THE PROBLEM: Among the lines below, list those containing the string "assumes".

SOURCE MATERIAL:
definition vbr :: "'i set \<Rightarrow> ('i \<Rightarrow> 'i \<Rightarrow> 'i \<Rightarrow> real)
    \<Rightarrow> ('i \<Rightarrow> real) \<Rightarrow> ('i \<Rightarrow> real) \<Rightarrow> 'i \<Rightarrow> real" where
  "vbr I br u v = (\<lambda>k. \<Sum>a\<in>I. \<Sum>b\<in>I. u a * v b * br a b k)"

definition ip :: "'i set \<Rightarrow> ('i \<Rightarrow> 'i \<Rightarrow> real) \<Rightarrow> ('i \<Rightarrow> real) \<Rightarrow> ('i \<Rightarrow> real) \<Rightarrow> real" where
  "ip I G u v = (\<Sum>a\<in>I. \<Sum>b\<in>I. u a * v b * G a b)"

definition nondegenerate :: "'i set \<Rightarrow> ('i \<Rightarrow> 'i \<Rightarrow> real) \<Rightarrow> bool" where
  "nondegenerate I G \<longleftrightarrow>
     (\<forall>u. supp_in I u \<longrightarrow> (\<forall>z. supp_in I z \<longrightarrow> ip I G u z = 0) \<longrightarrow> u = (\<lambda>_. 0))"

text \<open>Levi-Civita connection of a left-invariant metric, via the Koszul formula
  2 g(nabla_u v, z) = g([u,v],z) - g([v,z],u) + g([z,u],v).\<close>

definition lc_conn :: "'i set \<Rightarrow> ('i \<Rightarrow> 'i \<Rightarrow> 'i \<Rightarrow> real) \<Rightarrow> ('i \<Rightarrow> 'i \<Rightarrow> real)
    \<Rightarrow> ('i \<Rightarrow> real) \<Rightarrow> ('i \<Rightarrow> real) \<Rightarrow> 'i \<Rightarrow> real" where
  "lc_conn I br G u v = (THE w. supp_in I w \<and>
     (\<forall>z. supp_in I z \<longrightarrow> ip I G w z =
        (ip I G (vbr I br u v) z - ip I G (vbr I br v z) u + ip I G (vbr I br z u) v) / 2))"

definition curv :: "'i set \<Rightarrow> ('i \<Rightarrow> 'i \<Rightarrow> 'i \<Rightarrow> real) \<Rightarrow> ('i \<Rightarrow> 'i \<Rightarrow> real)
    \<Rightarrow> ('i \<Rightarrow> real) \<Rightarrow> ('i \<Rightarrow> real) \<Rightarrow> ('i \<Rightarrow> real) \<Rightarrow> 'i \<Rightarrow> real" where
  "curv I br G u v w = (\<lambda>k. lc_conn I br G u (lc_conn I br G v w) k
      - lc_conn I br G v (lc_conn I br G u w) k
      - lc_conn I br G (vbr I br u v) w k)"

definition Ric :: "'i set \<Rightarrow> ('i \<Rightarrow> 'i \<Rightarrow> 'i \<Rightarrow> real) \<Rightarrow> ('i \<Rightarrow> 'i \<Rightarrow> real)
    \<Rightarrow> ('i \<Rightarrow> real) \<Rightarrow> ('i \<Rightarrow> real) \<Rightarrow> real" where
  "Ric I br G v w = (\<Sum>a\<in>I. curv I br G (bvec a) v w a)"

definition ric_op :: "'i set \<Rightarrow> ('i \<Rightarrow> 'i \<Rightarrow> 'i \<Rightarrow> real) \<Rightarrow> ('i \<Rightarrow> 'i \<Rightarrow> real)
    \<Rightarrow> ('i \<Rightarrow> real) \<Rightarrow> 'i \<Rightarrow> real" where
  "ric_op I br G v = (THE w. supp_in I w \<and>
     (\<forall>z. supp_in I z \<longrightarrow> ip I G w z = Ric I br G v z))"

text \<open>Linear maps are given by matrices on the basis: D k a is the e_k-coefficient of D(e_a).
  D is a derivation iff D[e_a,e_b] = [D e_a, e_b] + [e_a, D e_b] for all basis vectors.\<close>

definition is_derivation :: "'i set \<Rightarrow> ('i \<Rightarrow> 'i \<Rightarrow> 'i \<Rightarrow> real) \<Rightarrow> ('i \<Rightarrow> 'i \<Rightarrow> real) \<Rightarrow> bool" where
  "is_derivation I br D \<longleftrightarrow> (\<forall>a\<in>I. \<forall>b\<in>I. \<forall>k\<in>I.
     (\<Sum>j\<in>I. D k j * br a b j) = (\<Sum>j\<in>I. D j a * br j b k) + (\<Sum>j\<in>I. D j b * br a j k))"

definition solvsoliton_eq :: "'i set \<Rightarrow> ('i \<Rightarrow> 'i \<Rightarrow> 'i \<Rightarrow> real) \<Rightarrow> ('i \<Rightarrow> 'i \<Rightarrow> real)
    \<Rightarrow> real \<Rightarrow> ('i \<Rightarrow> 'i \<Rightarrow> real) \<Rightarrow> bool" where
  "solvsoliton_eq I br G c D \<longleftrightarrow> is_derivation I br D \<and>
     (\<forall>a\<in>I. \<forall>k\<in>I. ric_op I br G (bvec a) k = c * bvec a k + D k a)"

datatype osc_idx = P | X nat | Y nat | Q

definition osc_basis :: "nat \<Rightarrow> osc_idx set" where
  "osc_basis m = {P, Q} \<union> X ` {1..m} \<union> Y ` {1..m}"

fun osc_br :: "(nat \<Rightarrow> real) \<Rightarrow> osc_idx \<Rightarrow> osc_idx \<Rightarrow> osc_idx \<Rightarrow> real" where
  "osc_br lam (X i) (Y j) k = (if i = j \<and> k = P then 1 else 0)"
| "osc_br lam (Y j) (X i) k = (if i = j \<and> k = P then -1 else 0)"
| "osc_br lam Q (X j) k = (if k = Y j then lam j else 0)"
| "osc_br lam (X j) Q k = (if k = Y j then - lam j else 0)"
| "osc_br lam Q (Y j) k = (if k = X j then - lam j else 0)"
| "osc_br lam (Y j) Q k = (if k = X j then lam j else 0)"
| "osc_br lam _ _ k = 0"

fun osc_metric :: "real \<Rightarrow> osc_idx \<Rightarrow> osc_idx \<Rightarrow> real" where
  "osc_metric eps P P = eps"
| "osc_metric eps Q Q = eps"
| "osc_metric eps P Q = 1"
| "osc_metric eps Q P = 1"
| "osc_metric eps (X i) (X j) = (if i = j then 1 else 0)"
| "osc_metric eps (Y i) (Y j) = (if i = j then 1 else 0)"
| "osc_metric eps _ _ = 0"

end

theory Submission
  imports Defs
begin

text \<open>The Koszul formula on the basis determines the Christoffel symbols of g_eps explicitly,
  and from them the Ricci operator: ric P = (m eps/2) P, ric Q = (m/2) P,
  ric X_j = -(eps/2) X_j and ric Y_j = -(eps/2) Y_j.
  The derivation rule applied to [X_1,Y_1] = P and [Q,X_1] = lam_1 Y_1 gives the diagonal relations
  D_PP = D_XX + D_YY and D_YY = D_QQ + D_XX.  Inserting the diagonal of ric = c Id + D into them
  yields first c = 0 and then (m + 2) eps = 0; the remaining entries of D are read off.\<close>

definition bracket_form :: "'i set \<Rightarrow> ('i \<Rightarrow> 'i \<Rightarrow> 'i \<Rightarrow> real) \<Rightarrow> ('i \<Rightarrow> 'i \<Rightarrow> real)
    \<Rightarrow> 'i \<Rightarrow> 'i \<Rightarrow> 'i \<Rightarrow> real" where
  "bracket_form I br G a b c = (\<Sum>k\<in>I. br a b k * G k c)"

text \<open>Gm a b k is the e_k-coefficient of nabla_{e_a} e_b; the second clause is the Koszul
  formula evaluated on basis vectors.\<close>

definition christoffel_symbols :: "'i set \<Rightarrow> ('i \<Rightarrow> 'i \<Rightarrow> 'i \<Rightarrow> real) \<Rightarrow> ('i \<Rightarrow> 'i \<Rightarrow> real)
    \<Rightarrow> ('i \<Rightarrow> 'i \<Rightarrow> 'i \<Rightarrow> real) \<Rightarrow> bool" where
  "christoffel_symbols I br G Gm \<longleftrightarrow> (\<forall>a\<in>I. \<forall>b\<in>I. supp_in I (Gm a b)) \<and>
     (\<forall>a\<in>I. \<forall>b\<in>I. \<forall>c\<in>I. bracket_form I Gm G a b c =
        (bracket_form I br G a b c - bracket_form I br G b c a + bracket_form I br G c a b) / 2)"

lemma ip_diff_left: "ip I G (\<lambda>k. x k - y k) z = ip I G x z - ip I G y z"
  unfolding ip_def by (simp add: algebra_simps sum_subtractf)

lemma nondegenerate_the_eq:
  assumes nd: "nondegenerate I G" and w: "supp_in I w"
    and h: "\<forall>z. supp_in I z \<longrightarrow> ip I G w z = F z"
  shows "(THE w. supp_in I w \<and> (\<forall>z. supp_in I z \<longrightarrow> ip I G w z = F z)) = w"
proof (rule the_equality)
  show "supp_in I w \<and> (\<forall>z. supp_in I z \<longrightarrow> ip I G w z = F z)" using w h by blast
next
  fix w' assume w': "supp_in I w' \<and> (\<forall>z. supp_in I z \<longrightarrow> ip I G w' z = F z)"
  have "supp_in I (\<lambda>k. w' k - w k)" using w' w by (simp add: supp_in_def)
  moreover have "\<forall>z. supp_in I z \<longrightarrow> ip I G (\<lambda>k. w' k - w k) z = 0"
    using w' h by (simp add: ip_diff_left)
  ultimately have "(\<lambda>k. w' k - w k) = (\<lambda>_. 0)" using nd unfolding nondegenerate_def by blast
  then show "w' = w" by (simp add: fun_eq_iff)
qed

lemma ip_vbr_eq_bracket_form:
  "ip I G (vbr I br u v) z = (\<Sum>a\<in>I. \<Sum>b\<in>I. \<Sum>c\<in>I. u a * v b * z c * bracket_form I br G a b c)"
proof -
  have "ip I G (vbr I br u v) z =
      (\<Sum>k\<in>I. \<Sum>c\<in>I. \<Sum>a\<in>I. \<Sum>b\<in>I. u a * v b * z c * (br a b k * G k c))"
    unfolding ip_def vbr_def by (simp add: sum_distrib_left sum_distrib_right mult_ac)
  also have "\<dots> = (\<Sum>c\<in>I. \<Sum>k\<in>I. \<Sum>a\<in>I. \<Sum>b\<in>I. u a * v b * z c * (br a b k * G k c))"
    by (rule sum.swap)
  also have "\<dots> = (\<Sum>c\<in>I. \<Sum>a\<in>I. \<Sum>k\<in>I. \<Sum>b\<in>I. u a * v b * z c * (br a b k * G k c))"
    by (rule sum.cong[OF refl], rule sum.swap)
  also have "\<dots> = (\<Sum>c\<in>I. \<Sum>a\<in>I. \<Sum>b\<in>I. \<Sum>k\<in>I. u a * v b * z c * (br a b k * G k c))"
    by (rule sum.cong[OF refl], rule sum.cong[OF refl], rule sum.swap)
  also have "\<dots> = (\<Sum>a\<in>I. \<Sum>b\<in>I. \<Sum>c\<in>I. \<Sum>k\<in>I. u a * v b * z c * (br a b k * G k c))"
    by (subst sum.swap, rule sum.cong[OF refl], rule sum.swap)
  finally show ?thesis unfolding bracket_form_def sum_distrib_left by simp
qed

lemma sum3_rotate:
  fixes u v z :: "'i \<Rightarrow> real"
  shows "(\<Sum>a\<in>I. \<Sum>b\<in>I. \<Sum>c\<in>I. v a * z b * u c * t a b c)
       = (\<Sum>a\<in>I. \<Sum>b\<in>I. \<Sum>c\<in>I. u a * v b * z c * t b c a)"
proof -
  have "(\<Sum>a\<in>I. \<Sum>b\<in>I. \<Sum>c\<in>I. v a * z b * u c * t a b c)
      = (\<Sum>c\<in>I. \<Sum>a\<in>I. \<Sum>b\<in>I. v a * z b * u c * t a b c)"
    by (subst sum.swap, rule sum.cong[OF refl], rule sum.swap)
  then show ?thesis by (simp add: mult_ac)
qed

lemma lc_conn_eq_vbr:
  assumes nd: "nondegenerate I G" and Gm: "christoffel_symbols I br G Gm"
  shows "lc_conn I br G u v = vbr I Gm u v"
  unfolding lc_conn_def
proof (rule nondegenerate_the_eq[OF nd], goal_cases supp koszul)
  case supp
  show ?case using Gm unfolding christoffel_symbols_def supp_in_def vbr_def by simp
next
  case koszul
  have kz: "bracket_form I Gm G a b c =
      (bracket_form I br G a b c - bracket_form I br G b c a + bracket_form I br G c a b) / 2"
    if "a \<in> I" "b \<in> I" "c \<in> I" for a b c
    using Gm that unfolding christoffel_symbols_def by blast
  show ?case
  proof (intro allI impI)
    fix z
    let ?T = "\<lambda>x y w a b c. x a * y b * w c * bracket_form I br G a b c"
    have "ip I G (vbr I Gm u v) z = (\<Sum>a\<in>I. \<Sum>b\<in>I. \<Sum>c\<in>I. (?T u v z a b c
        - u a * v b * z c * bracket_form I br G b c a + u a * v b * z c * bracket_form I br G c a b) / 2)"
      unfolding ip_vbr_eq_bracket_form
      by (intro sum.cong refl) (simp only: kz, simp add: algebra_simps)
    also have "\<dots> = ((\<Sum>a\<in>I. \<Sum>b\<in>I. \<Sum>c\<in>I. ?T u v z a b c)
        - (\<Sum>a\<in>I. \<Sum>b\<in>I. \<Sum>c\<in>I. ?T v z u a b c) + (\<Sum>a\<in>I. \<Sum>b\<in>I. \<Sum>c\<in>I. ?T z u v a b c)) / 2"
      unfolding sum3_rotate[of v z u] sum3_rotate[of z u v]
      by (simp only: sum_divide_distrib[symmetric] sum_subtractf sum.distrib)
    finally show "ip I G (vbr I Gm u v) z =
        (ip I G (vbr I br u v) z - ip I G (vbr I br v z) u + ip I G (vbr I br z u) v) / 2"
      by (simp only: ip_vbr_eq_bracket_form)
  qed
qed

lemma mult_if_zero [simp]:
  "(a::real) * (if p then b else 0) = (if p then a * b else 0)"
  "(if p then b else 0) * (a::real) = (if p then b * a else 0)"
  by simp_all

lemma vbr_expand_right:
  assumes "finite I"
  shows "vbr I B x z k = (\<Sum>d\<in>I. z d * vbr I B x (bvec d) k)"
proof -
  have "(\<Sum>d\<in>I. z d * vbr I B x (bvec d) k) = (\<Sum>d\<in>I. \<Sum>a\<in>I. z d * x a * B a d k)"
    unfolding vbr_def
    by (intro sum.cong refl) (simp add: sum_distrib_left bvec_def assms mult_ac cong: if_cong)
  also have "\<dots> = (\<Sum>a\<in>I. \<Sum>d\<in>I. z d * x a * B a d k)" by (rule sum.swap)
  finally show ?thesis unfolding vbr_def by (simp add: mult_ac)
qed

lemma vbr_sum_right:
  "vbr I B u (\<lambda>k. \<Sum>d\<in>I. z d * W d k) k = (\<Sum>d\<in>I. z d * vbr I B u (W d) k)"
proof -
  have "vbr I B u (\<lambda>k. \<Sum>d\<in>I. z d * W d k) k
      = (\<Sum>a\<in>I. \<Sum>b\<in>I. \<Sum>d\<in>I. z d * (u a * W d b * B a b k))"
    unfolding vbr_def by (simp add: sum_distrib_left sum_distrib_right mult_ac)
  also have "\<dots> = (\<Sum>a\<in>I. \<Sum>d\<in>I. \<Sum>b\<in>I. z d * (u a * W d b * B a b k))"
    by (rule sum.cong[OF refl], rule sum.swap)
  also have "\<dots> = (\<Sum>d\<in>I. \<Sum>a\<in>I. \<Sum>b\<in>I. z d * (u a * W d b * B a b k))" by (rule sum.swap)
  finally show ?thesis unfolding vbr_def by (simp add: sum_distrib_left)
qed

* * *

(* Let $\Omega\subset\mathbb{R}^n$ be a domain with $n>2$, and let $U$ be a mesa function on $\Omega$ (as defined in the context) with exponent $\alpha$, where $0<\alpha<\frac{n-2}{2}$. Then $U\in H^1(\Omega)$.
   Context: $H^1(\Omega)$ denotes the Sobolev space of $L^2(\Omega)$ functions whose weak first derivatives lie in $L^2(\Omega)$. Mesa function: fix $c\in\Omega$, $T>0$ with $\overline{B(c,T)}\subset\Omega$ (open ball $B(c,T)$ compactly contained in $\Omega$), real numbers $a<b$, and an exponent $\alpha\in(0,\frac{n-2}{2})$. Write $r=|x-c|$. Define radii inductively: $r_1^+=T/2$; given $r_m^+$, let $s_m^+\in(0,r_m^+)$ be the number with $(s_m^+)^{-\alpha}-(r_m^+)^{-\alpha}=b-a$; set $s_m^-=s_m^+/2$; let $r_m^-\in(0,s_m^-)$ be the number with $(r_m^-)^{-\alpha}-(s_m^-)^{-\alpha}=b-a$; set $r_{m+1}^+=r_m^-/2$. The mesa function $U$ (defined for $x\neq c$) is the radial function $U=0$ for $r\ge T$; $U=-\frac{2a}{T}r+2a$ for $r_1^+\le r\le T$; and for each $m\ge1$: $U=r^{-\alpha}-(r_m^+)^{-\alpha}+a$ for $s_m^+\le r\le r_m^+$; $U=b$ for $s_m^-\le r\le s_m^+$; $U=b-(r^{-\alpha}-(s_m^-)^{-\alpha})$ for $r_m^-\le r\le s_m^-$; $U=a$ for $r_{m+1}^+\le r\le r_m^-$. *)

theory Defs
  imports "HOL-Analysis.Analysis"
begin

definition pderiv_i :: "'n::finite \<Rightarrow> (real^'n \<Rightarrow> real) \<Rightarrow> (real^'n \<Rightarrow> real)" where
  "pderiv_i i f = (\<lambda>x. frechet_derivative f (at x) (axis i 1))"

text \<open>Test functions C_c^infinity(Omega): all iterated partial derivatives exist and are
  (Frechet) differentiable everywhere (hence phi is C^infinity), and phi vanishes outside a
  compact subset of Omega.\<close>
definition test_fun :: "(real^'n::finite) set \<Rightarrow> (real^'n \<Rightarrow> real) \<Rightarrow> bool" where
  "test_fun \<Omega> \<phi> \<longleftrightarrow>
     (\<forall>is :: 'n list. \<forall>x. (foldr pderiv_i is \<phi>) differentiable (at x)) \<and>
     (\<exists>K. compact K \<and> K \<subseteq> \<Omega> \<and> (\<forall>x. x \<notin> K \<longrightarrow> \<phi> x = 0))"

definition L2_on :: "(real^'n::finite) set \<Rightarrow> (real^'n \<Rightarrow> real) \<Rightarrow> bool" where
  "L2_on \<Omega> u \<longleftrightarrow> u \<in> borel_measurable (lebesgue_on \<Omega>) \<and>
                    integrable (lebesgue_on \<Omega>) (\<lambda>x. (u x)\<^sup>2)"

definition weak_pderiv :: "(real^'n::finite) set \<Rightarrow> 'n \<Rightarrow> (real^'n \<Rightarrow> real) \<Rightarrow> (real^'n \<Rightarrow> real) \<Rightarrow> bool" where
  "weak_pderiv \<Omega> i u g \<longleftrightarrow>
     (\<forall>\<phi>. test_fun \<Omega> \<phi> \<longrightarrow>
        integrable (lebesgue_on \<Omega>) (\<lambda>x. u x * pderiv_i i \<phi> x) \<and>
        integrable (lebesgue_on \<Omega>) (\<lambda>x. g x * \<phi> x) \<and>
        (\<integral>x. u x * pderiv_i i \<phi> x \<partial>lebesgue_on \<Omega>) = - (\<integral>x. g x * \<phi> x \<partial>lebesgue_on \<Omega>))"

ANSWER:
  assumes nd: "nondegenerate I G" and w: "supp_in I w"
  assumes nd: "nondegenerate I G" and Gm: "christoffel_symbols I br G Gm"
  assumes "finite I"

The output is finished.